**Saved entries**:
┄┄┄┄┄┄┄┄┄┄
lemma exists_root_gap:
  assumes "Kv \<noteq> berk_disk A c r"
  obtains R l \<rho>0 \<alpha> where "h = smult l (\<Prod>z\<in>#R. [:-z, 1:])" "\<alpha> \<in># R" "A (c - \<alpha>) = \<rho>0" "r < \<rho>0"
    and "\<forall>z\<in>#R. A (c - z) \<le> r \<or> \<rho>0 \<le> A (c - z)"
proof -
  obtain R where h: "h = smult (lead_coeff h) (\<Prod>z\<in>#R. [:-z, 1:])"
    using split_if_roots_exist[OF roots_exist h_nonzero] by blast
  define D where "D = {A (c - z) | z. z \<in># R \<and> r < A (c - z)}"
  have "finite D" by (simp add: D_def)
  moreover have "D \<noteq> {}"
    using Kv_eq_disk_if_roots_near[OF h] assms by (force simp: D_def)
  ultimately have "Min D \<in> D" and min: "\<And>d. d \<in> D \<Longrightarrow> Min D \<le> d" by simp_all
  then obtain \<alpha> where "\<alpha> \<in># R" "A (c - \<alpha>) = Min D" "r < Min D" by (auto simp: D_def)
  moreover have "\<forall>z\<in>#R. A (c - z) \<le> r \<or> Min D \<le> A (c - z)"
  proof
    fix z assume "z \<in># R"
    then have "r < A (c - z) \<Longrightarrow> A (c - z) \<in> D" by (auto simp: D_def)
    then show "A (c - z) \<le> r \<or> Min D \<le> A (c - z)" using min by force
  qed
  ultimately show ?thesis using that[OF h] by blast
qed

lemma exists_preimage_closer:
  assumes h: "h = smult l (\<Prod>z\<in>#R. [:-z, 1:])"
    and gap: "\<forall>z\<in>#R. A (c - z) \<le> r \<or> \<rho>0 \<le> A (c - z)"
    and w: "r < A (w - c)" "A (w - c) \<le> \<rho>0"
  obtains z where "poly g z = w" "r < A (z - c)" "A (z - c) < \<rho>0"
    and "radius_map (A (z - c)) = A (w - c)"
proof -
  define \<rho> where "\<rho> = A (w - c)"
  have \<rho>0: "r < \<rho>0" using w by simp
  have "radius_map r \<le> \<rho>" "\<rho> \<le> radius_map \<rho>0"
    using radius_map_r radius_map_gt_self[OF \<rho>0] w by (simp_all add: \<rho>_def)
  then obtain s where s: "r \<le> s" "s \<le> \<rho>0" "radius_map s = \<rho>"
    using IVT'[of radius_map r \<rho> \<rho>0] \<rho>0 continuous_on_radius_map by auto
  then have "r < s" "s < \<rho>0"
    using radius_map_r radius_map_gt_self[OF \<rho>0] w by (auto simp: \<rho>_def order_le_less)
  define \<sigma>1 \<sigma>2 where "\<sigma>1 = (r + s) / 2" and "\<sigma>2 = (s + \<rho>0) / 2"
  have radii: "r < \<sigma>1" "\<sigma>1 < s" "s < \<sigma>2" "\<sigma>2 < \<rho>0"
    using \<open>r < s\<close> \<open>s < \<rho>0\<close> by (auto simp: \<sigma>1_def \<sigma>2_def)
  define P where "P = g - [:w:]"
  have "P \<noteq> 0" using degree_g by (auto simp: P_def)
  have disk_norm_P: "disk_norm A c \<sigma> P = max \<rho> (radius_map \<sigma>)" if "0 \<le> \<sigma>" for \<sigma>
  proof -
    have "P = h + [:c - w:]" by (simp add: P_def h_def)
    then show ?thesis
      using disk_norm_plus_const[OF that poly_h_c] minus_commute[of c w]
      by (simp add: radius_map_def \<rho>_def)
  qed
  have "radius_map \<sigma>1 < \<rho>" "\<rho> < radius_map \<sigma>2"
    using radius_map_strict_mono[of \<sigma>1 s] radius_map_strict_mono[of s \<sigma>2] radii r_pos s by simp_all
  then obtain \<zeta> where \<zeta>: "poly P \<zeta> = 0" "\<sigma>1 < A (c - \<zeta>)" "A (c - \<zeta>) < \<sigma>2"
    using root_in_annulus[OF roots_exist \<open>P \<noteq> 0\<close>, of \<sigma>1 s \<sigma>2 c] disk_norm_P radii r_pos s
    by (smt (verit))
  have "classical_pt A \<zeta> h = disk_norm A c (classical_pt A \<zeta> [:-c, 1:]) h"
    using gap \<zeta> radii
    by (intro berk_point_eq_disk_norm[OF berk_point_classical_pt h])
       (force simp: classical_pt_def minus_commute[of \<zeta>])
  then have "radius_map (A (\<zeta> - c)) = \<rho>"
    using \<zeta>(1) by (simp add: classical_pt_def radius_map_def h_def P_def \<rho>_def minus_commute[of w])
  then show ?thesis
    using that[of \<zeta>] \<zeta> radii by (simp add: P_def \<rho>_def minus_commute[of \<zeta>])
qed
┄┄┄┄┄┄┄┄┄┄
**WHAT TO PRODUCE**: List every line above that contains the word "radii".

**ANSWER**:
  have radii: "r < \<sigma>1" "\<sigma>1 < s" "s < \<sigma>2" "\<sigma>2 < \<rho>0"
    using radius_map_strict_mono[of \<sigma>1 s] radius_map_strict_mono[of s \<sigma>2] radii r_pos s by simp_all
    using root_in_annulus[OF roots_exist \<open>P \<noteq> 0\<close>, of \<sigma>1 s \<sigma>2 c] disk_norm_P radii r_pos s
    using gap \<zeta> radii
    using that[of \<zeta>] \<zeta> radii by (simp add: P_def \<rho>_def minus_commute[of \<zeta>])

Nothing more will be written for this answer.